The area of the parallelogram \((i', j', k', \ell')\) can be expressed as:
\[\mathcal{A} = \sqrt{1 - \left(\frac{\overrightarrow{ij}.\overrightarrow{i\ell}}{\|\overrightarrow{ij}\|\|\overrightarrow{i\ell}\|}\right)^2}\times \|\overrightarrow{ij}\|\|\overrightarrow{i\ell}\|\] \[\|\overrightarrow{ij}\| = a\sqrt{1 - \frac{\sin^2(HRA)}{X}}\] \[\|\overrightarrow{i\ell}\| = b\sqrt{1 - \frac{Y^2}{X}}\] \[\overrightarrow{ij}.\overrightarrow{i\ell} = -ab\frac{\sin(HRA)Y}{X}\]To get the yield, we need to divide the area by the solar panel surface \(a\times b\).
On the next figure, you can explore the yield as a function of time.
The best yield are concentrated near noon, and sharply drop for the rest of the day. If the panel is well oriented, the yield in winter is as good as in summer, as all the production is made around noon in both cases.
With a non-moving panel, you can see how the yield is affected.
In the best best cases, you get a yield of 40% in summer, and 30% in winter (over 24 hours).
Compare to the 60% in summer and 40% in winter when you can rotate your panel, you have a drop of -33% of efficiency, which is a lot.
If you plan/have a thermal solar panel (for heating water), it is more interesting to use winter optimal tilt angle: you may prefer to take a hot bath in winter than in summer when it is 30°C outside !
If you have a 2-axis rotative solar panel, you can get 100 % yield all the day long.
However, this is for one panel.
If you have several solar panels, you need to space them appropriately, otherwise their shadows may reduce the yield.
When the sun is high or/and when the panels have a low tilt angle, there is no shade. There is even land that receive sunlight.
When panel are optimally oriented and sufficiently spaced, they can all reach the maximal yield.
But when the sun is too low, or if there isn’t enough space between the panels,
the first one in the row can reach the 100 % yield, but not the others.
You have a trade-off between available land, the number of solar panels, and the total electricity production.
To space correctly the panel, to avoid shading, the distance between panels (the distance from left edge of panel i to left edge of panel i+1), for a panel of length \(D\) is:
Therefore, the total distance \(D=D_1 + D_2\) between solar panels is:
\[D = S \left[\cos(\beta) + \frac{\sin(\beta)}{\tan(\alpha^{min})}\right]\]where \(\alpha\) is the minimal sun angle we want to capture.
In theory, \(\alpha^{min}\) is minimal at sunrise and sunset, with a value of 0°.
However, this leads to infinite distance between panels, which is not the best strategy to cover an area.
And next, we have to consider the environment: relief, trees, building, which will prevent from seeing the sun until it reaches some specific \(\alpha\).

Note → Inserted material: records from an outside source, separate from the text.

(* Let $a,b\ge1$ be integers. Let $\mathcal{C}$ be a chain with spine $P=v_0,\dots,v_m$ and arc partition $A(P)=A_1\cup A_2$, and suppose $|A_2|\ge a(b+1)-1$. Then $\mathcal{C}$ contains a strong $(a,b)$-alternating-path $R$ with $s_1(R)=v_0$ and $t_a(R)=v_m$.
   Context: Fix $b\ge1$ and $g:=4b^2$. Gadgets have designated vertices $p,q$ with arc $(p,q)$. Type I: a directed cycle of length at least $g$ through $(p,q)$. Basic type II: vertices $p,q,r$ and a directed path $P_1$ from $r$ to $p$ of length at least $2b^2+b-2$, $q\notin V(P_1)$, every vertex of $P_1$ having an arc to $q$. Type III: vertices $p,q,r$, the arc $(p,q)$, and two internally vertex-disjoint directed paths $P_1,P_2$ from $p$ and from $q$ respectively to $r$, each of length at least $2b-1$. A trivial gadget consists only of $p,q$ and the arc $(p,q)$. A chain $\mathcal{C}$ consists of a directed path $P=v_0,\dots,v_m$ (the spine), a partition $A_1\cup A_2$ of its arc set, and non-trivial gadgets $(G_e)_{e\in A_2}$ such that: each $G_e$ is of type I, type III, or basic type II; for $e=(v_i,v_{i+1})\in A_2$, $p(G_e)=v_i$, $q(G_e)=v_{i+1}$ and $V(G_e)\cap\{v_0,\dots,v_m\}=\{v_i,v_{i+1}\}$; and $V(G_e)\cap V(G_f)\subseteq\{v_0,\dots,v_m\}$ for distinct $e,f\in A_2$. The chain is identified with the digraph $P\cup\bigcup_{e\in A_2}G_e$. An $(a,b)$-alternating-path is an oriented path $R$ consisting of vertices $s_1,\dots,s_a,t_1,\dots,t_a$ and pairwise internally vertex-disjoint directed paths $Q_1,\dots,Q_a,Q'_1,\dots,Q'_{a-1}$, $Q_i$ from $s_i$ to $t_i$, $Q'_i$ from $s_{i+1}$ to $t_i$, with $Q_2,\dots,Q_{a-1},Q'_1,\dots,Q'_{a-1}$ of length at least $b$; it is strong if also $Q_1$ and $Q_a$ have length at least $b$. *)

theory Defs
  imports Main
begin

text \<open>Digraphs are given by their arc sets (pairs of vertices).
  A directed path is a nonempty list of distinct vertices; its length is
  the number of arcs, i.e. the number of vertices minus one.\<close>

definition path_arcs :: "'a list \<Rightarrow> ('a \<times> 'a) set" where
  "path_arcs xs = set (zip xs (tl xs))"

definition plen :: "'a list \<Rightarrow> nat" where
  "plen xs = length xs - 1"

definition inner :: "'a list \<Rightarrow> 'a list" where
  "inner xs = butlast (tl xs)"

definition dpath :: "('a \<times> 'a) set \<Rightarrow> 'a list \<Rightarrow> bool" where
  "dpath E xs \<longleftrightarrow> xs \<noteq> [] \<and> distinct xs \<and> path_arcs xs \<subseteq> E"

definition cycle_arcs :: "'a list \<Rightarrow> ('a \<times> 'a) set" where
  "cycle_arcs cs = set (zip cs (tl cs @ [hd cs]))"

definition gadget_I :: "nat \<Rightarrow> 'a set \<Rightarrow> ('a \<times> 'a) set \<Rightarrow> 'a \<Rightarrow> 'a \<Rightarrow> bool" where
  "gadget_I b V E p q \<longleftrightarrow>
     (\<exists>cs. distinct cs \<and> 2 \<le> length cs \<and> length cs \<ge> 4 * b^2 \<and>
           V = set cs \<and> E = cycle_arcs cs \<and> (p, q) \<in> E)"

definition gadget_II_basic :: "nat \<Rightarrow> 'a set \<Rightarrow> ('a \<times> 'a) set \<Rightarrow> 'a \<Rightarrow> 'a \<Rightarrow> bool" where
  "gadget_II_basic b V E p q \<longleftrightarrow>
     (\<exists>r P1. P1 \<noteq> [] \<and> distinct P1 \<and> hd P1 = r \<and> last P1 = p \<and>
             plen P1 \<ge> 2 * b^2 + b - 2 \<and> q \<notin> set P1 \<and>
             V = insert q (set P1) \<and>
             E = path_arcs P1 \<union> {(x, q) | x. x \<in> set P1})"

definition gadget_III :: "nat \<Rightarrow> 'a set \<Rightarrow> ('a \<times> 'a) set \<Rightarrow> 'a \<Rightarrow> 'a \<Rightarrow> bool" where
  "gadget_III b V E p q \<longleftrightarrow>
     (\<exists>r P1 P2. p \<noteq> q \<and>
        P1 \<noteq> [] \<and> distinct P1 \<and> hd P1 = p \<and> last P1 = r \<and>
        P2 \<noteq> [] \<and> distinct P2 \<and> hd P2 = q \<and> last P2 = r \<and>
        set (inner P1) \<inter> set P2 = {} \<and> set (inner P2) \<inter> set P1 = {} \<and>
        plen P1 \<ge> 2 * b - 1 \<and> plen P2 \<ge> 2 * b - 1 \<and>
        V = set P1 \<union> set P2 \<and>
        E = {(p, q)} \<union> path_arcs P1 \<union> path_arcs P2)"

definition trivial_gadget :: "'a set \<Rightarrow> ('a \<times> 'a) set \<Rightarrow> 'a \<Rightarrow> 'a \<Rightarrow> bool" where
  "trivial_gadget V E p q \<longleftrightarrow> V = {p, q} \<and> E = {(p, q)}"

text \<open>A chain: spine vs = [v0,...,vm], arc partition A1, A2 of the spine arcs,
  and gadgets G e = (V(G_e), A(G_e)) for e in A2.\<close>
definition chain :: "nat \<Rightarrow> 'a list \<Rightarrow> ('a \<times> 'a) set \<Rightarrow> ('a \<times> 'a) set
                     \<Rightarrow> ('a \<times> 'a \<Rightarrow> 'a set \<times> ('a \<times> 'a) set) \<Rightarrow> bool" where
  "chain b vs A1 A2 G \<longleftrightarrow>
     vs \<noteq> [] \<and> distinct vs \<and>
     A1 \<union> A2 = path_arcs vs \<and> A1 \<inter> A2 = {} \<and>
     (\<forall>e\<in>A2. \<not> trivial_gadget (fst (G e)) (snd (G e)) (fst e) (snd e) \<and>
        (gadget_I b (fst (G e)) (snd (G e)) (fst e) (snd e) \<or>
         gadget_II_basic b (fst (G e)) (snd (G e)) (fst e) (snd e) \<or>
         gadget_III b (fst (G e)) (snd (G e)) (fst e) (snd e))) \<and>
     (\<forall>e\<in>A2. fst (G e) \<inter> set vs = {fst e, snd e}) \<and>
     (\<forall>e\<in>A2. \<forall>f\<in>A2. e \<noteq> f \<longrightarrow> fst (G e) \<inter> fst (G f) \<subseteq> set vs)"

definition chain_arcs :: "'a list \<Rightarrow> ('a \<times> 'a) set
                     \<Rightarrow> ('a \<times> 'a \<Rightarrow> 'a set \<times> ('a \<times> 'a) set) \<Rightarrow> ('a \<times> 'a) set" where
  "chain_arcs vs A2 G = path_arcs vs \<union> (\<Union>e\<in>A2. snd (G e))"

Unless you are on the top of a mountain, this angle is greater than \(0\).
Also, if your panel has a fixed angle, yield when sun has a low elevation angle is low, so this worst case is not that impacting. In any case, if you want to build a farm of solar panel, you need to have access to each of them, in case of maintenance.

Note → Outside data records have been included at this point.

(* Assume in addition that $p_j\ge -w_j$ for every $j\in J$. Let $S^*$ be an optimal solution of the Target Associated $k$-Set problem and let $\hat S$ be the set of genes returned by the Greedy algorithm. Then $W(\hat S)\ge W(S^* )/k$.
   Context: Let $J$ be a finite set of samples and $G$ a finite set of genes; for each $g\in G$ a set $A_g\subseteq J$ is given. Each $j\in J$ has a weight $w_j\in\mathbb{R}$ and penalty $p_j>0$, and $k$ is a positive integer. For $S\subseteq G$ and $j\in J$, let $c_S(j)=|\{g\in S: j\in A_g\}|$, $U(S)=\bigcup_{g\in S}A_g$, and $$W(S)=\sum_{j\in U(S)} w_j-\sum_{j\in U(S)}(c_S(j)-1)\,p_j .$$ The Target Associated $k$-Set problem asks for $S\subseteq G$ with $|S|\le k$ maximizing $W(S)$ (all $W$ values are computed with the original weights $w_j$). The Greedy algorithm: maintain current weights $\tilde w_j$, initialized to $\tilde w_j=w_j$, and a current solution $\hat S=\emptyset$. For $\ell=1,\dots,k$: compute $\tilde W(A_g)=\sum_{j\in A_g}\tilde w_j$ for every $g\in G\setminus \hat S$; if no $g$ has $\tilde W(A_g)>0$, stop; otherwise pick $g$ maximizing $\tilde W(A_g)$, add $g$ to $\hat S$, and set $\tilde w_j\leftarrow -p_j$ for all $j\in A_g$. The output is $\hat S$. (The paper's choice of penalties — $p_j$ equal to the average of the positive normalized weights when $w_j>0$, and $p_j=|w_j|$ when $w_j<0$ — satisfies $p_j\ge -w_j$.) *)

theory Defs
  imports Complex_Main
begin

text \<open>Target Associated k-Set problem. Genes of type 'g, samples of type 'j.
  A g is the set of samples associated with gene g.\<close>

definition cov :: "('g \<Rightarrow> 'j set) \<Rightarrow> 'g set \<Rightarrow> 'j \<Rightarrow> nat" where
  "cov A S j = card {g \<in> S. j \<in> A g}"

definition Uset :: "('g \<Rightarrow> 'j set) \<Rightarrow> 'g set \<Rightarrow> 'j set" where
  "Uset A S = (\<Union>g\<in>S. A g)"

definition Wval :: "('g \<Rightarrow> 'j set) \<Rightarrow> ('j \<Rightarrow> real) \<Rightarrow> ('j \<Rightarrow> real) \<Rightarrow> 'g set \<Rightarrow> real" where
  "Wval A w p S = (\<Sum>j\<in>Uset A S. w j) - (\<Sum>j\<in>Uset A S. (real (cov A S j) - 1) * p j)"

definition optimal_kset ::
  "'g set \<Rightarrow> ('g \<Rightarrow> 'j set) \<Rightarrow> ('j \<Rightarrow> real) \<Rightarrow> ('j \<Rightarrow> real) \<Rightarrow> nat \<Rightarrow> 'g set \<Rightarrow> bool" where
  "optimal_kset G A w p k S \<longleftrightarrow> S \<subseteq> G \<and> card S \<le> k \<and>
     (\<forall>T. T \<subseteq> G \<and> card T \<le> k \<longrightarrow> Wval A w p T \<le> Wval A w p S)"

text \<open>States reachable by the Greedy algorithm: (current weights, current solution,
  number of iterations performed). Ties in the choice of the maximiser are broken arbitrarily.\<close>

inductive greedy_reach ::
  "'g set \<Rightarrow> ('g \<Rightarrow> 'j set) \<Rightarrow> ('j \<Rightarrow> real) \<Rightarrow> ('j \<Rightarrow> real) \<Rightarrow> nat
   \<Rightarrow> ('j \<Rightarrow> real) \<Rightarrow> 'g set \<Rightarrow> nat \<Rightarrow> bool"
  for G A w p k where
  init: "greedy_reach G A w p k w {} 0"
| step: "\<lbrakk> greedy_reach G A w p k wt S l; l < k; g \<in> G - S;
           (\<Sum>j\<in>A g. wt j) > 0;
           \<forall>h\<in>G - S. (\<Sum>j\<in>A h. wt j) \<le> (\<Sum>j\<in>A g. wt j) \<rbrakk>
         \<Longrightarrow> greedy_reach G A w p k (\<lambda>j. if j \<in> A g then - p j else wt j) (insert g S) (Suc l)"

definition greedy_output ::
  "'g set \<Rightarrow> ('g \<Rightarrow> 'j set) \<Rightarrow> ('j \<Rightarrow> real) \<Rightarrow> ('j \<Rightarrow> real) \<Rightarrow> nat \<Rightarrow> 'g set \<Rightarrow> bool" where
  "greedy_output G A w p k S \<longleftrightarrow> (\<exists>wt l. greedy_reach G A w p k wt S l \<and>
      (l = k \<or> \<not> (\<exists>g\<in>G - S. (\<Sum>j\<in>A g. wt j) > 0)))"

end

theory Submission
  imports Defs
begin

text \<open>Because p j \<ge> - w j, each extra cover of a sample costs at least as much as the sample is
  worth, so W S \<le> (\<Sum>g\<in>S. W {g}) and hence W S* \<le> k * max W {g}. The current weights of
  Greedy are exactly the marginal gains of adding a gene, so W increases at every step and the
  first step already attains max W {g}; if Greedy stops at once, every W {g}, and therefore
  W S*, is non-positive.\<close>

lemma cov_eq_0_iff: "finite S \<Longrightarrow> cov A S j = 0 \<longleftrightarrow> j \<notin> Uset A S"
  unfolding cov_def Uset_def by auto

lemma cov_insert:
  "finite S \<Longrightarrow> g \<notin> S \<Longrightarrow> cov A (insert g S) j = cov A S j + (if j \<in> A g then 1 else 0)"
proof -
  assume "finite S" "g \<notin> S"
  moreover have "{h \<in> insert g S. j \<in> A h} =
      (if j \<in> A g then insert g {h \<in> S. j \<in> A h} else {h \<in> S. j \<in> A h})"
    by auto
  ultimately show ?thesis by (simp add: cov_def)
qed

lemma Wval_empty [simp]: "Wval A w p {} = 0"
  by (simp add: Wval_def Uset_def)

lemma Wval_singleton: "Wval A w p {g} = sum w (A g)"
proof -
  have "{h \<in> {g}. j \<in> A h} = {g}" if "j \<in> A g" for j
    using that by auto
  then have "cov A {g} j = 1" if "j \<in> A g" for j
    using that by (simp add: cov_def)
  then show ?thesis by (simp add: Wval_def Uset_def)
qed

definition Wcontrib :: "('g \<Rightarrow> 'j set) \<Rightarrow> ('j \<Rightarrow> real) \<Rightarrow> ('j \<Rightarrow> real) \<Rightarrow> 'g set \<Rightarrow> 'j \<Rightarrow> real" where
  "Wcontrib A w p S j = (if j \<in> Uset A S then w j - (real (cov A S j) - 1) * p j else 0)"

lemma Wval_eq_sum_Wcontrib:
  assumes "finite J" and "Uset A S \<subseteq> J"
  shows "Wval A w p S = (\<Sum>j\<in>J. Wcontrib A w p S j)"
proof -
  have "(\<Sum>j\<in>J. Wcontrib A w p S j) = (\<Sum>j\<in>Uset A S. w j - (real (cov A S j) - 1) * p j)"
    using sum.inter_restrict[OF assms(1), symmetric] assms(2)
    by (simp add: Wcontrib_def sum.If_cases Int_absorb1 Int_commute assms(1))
  then show ?thesis by (simp add: Wval_def sum_subtractf)
qed

lemma Wval_insert:
  assumes "finite J" "\<forall>g\<in>G. A g \<subseteq> J" "S \<subseteq> G" "finite S" "g \<in> G" "g \<notin> S"
  shows "Wval A w p (insert g S) =
    Wval A w p S + (\<Sum>j\<in>A g. if j \<in> Uset A S then - p j else w j)"
proof -
  have sub: "Uset A T \<subseteq> J" if "T \<subseteq> G" for T
    using that assms(2) by (auto simp: Uset_def)
  have "Wcontrib A w p (insert g S) j - Wcontrib A w p S j
      = (if j \<in> A g then (if j \<in> Uset A S then - p j else w j) else 0)" for j
    using cov_insert[OF assms(4,6), of A j] cov_eq_0_iff[OF assms(4), of A j]
    by (auto simp: Wcontrib_def Uset_def algebra_simps)
  then have "Wval A w p (insert g S) - Wval A w p S
      = (\<Sum>j\<in>J. if j \<in> A g then (if j \<in> Uset A S then - p j else w j) else 0)"
    using assms(3,5)
    by (simp add: Wval_eq_sum_Wcontrib[OF assms(1) sub] sum_subtractf[symmetric])
  also have "\<dots> = (\<Sum>j\<in>A g. if j \<in> Uset A S then - p j else w j)"
    using sum.inter_restrict[OF assms(1), of _ "A g", symmetric] assms(2,5)
    by (simp add: Int_absorb1)
  finally show ?thesis by simp
qed

lemma sum_weights_eq_sum_cov:
  assumes "finite J" "\<forall>g\<in>S. A g \<subseteq> J" "finite S"
  shows "(\<Sum>g\<in>S. sum w (A g)) = (\<Sum>j\<in>J. real (cov A S j) * w j)"
proof -
  have "(\<Sum>g\<in>S. sum w (A g)) = (\<Sum>g\<in>S. \<Sum>j\<in>J. if j \<in> A g then w j else 0)"
  proof (rule sum.cong[OF refl])
    fix g assume "g \<in> S"
    then show "sum w (A g) = (\<Sum>j\<in>J. if j \<in> A g then w j else 0)"
      using assms(2) sum.inter_restrict[OF assms(1), of w "A g"] by (simp add: Int_absorb1)
  qed
  also have "\<dots> = (\<Sum>j\<in>J. \<Sum>g\<in>S. if j \<in> A g then w j else 0)"
    by (rule sum.swap)
  also have "\<dots> = (\<Sum>j\<in>J. real (cov A S j) * w j)"
    using sum.inter_filter[OF assms(3), of "\<lambda>_. w _"] by (simp add: cov_def)
  finally show ?thesis .
qed

lemma Wval_le_sum_singletons:
  assumes "finite J" "\<forall>g\<in>S. A g \<subseteq> J" "finite S" "\<forall>j\<in>J. p j \<ge> - w j"
  shows "Wval A w p S \<le> (\<Sum>g\<in>S. Wval A w p {g})"
proof -
  have "Wcontrib A w p S j \<le> real (cov A S j) * w j" if "j \<in> J" for j
  proof (cases "j \<in> Uset A S")
    case True
    then have "real (cov A S j) - 1 \<ge> 0"
      using cov_eq_0_iff[OF assms(3), of A j] by simp
    then have "(real (cov A S j) - 1) * - w j \<le> (real (cov A S j) - 1) * p j"
      using assms(4) that by (intro mult_left_mono) auto
    then show ?thesis using True by (simp add: Wcontrib_def algebra_simps)
  qed (simp add: Wcontrib_def cov_eq_0_iff[OF assms(3), THEN iffD2])
  then have "(\<Sum>j\<in>J. Wcontrib A w p S j) \<le> (\<Sum>j\<in>J. real (cov A S j) * w j)"
    by (rule sum_mono)
  moreover have "Uset A S \<subseteq> J"
    using assms(2) by (auto simp: Uset_def)
  ultimately show ?thesis
    by (simp add: Wval_eq_sum_Wcontrib[OF assms(1)] sum_weights_eq_sum_cov[OF assms(1-3)]
        Wval_singleton)
qed

lemma greedy_reach_card:
  "greedy_reach G A w p k wt S l \<Longrightarrow> S \<subseteq> G \<and> finite S \<and> card S = l"
  by (induction rule: greedy_reach.induct) auto

lemma greedy_reach_weights:
  "greedy_reach G A w p k wt S l \<Longrightarrow> wt = (\<lambda>j. if j \<in> Uset A S then - p j else w j)"
  by (induction rule: greedy_reach.induct) (auto simp: Uset_def)

lemma greedy_reach_Wval_lower:
  assumes "finite J" "\<forall>g\<in>G. A g \<subseteq> J" "greedy_reach G A w p k wt S l"
  shows "0 \<le> Wval A w p S \<and> (S \<noteq> {} \<longrightarrow> (\<forall>h\<in>G. Wval A w p {h} \<le> Wval A w p S))"
  using assms(3)
proof (induction rule: greedy_reach.induct)
  case init
  show ?case by simp
next
  case (step wt S l g)
  have S: "S \<subseteq> G" "finite S"
    using greedy_reach_card[OF step.hyps(1)] by auto
  have wt: "wt = (\<lambda>j. if j \<in> Uset A S then - p j else w j)"
    using greedy_reach_weights[OF step.hyps(1)] .
  have gain: "Wval A w p (insert g S) = Wval A w p S + (\<Sum>j\<in>A g. wt j)"
    using Wval_insert[OF assms(1,2) S] step.hyps(3) wt by simp
  have "Wval A w p {h} \<le> Wval A w p (insert g S)" if "h \<in> G" for h
  proof (cases "S = {}")
    case True
    then have "Wval A w p {h} \<le> (\<Sum>j\<in>A g. wt j)"
      using step.hyps(5) that wt by (simp add: Wval_singleton Uset_def)
    then show ?thesis using gain True by simp
  next
    case False
    then show ?thesis using step.IH step.hyps(4) gain that by fastforce
  qed
  then show ?case using step.IH step.hyps(4) gain by auto
qed

lemma greedy_output_Wval_lower:
  assumes "finite J" "\<forall>g\<in>G. A g \<subseteq> J" "k > 0" "greedy_output G A w p k S"
  shows "0 \<le> Wval A w p S" and "\<forall>h\<in>G. Wval A w p {h} \<le> Wval A w p S"
proof -
  obtain wt l where reach: "greedy_reach G A w p k wt S l"
    and stop: "l = k \<or> \<not> (\<exists>g\<in>G - S. (\<Sum>j\<in>A g. wt j) > 0)"
    using assms(4) unfolding greedy_output_def by blast
  note lower = greedy_reach_Wval_lower[OF assms(1,2) reach]
  then show "0 \<le> Wval A w p S" by simp
  show "\<forall>h\<in>G. Wval A w p {h} \<le> Wval A w p S"
  proof (cases "S = {}")
    case True
    then have "l = 0" "wt = w"
      using greedy_reach_card[OF reach] greedy_reach_weights[OF reach] by (auto simp: Uset_def)
    then show ?thesis using stop True assms(3) by (auto simp: Wval_singleton)
  qed (use lower in auto)
qed

theorem mainTheorem3:
  fixes J :: "'j set" and G :: "'g set" and A :: "'g \<Rightarrow> 'j set"
    and w p :: "'j \<Rightarrow> real" and k :: nat and Sopt Shat :: "'g set"
  assumes "finite J" and "finite G"
    and "\<forall>g\<in>G. A g \<subseteq> J"
    and "\<forall>j\<in>J. p j > 0"
    and "k > 0"
    and "\<forall>j\<in>J. p j \<ge> - w j"
    and "optimal_kset G A w p k Sopt"
    and "greedy_output G A w p k Shat"
  shows "Wval A w p Shat \<ge> Wval A w p Sopt / real k"
proof -
  have Sopt: "Sopt \<subseteq> G" "card Sopt \<le> k"
    using assms(7) unfolding optimal_kset_def by auto
  note lower = greedy_output_Wval_lower[OF assms(1,3,5,8)]
  have "Wval A w p Sopt \<le> (\<Sum>h\<in>Sopt. Wval A w p {h})"
    using Sopt(1) assms(1,3,6) finite_subset[OF Sopt(1) assms(2)]
    by (intro Wval_le_sum_singletons) auto
  also have "\<dots> \<le> (\<Sum>h\<in>Sopt. Wval A w p Shat)"
    using Sopt(1) lower(2) by (intro sum_mono) auto
  also have "\<dots> \<le> real k * Wval A w p Shat"
    using Sopt(2) lower(1) by (simp add: mult_right_mono)
  finally show ?thesis
    using assms(5) by (simp add: divide_le_eq mult.commute)
qed

end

This is a simple simulator, where you can play on the panel size, and angles. Given the minimal angle you want capturing energy, you can design your system by spacing sufficiently the panels.
For very small angles (lower than 20°), you can see that the shade goes very far away.
For an angle of 30° (\(sin(30°) = 0.5\)), the size of the shade is equal to the area occupied by the solar panel.
In this blog post, we presented the theoretical yields of a solar panel. We made the assumption that the tilt angle was fixed, but we can rotate it. Even if the tilt angle is not very precise, just following the sun over the day is enough to get a good yield.
Nevertheless, for making a solar panel farm, we have to consider the shade made by solar panels on the others. This require a non-negligible space between solar panels.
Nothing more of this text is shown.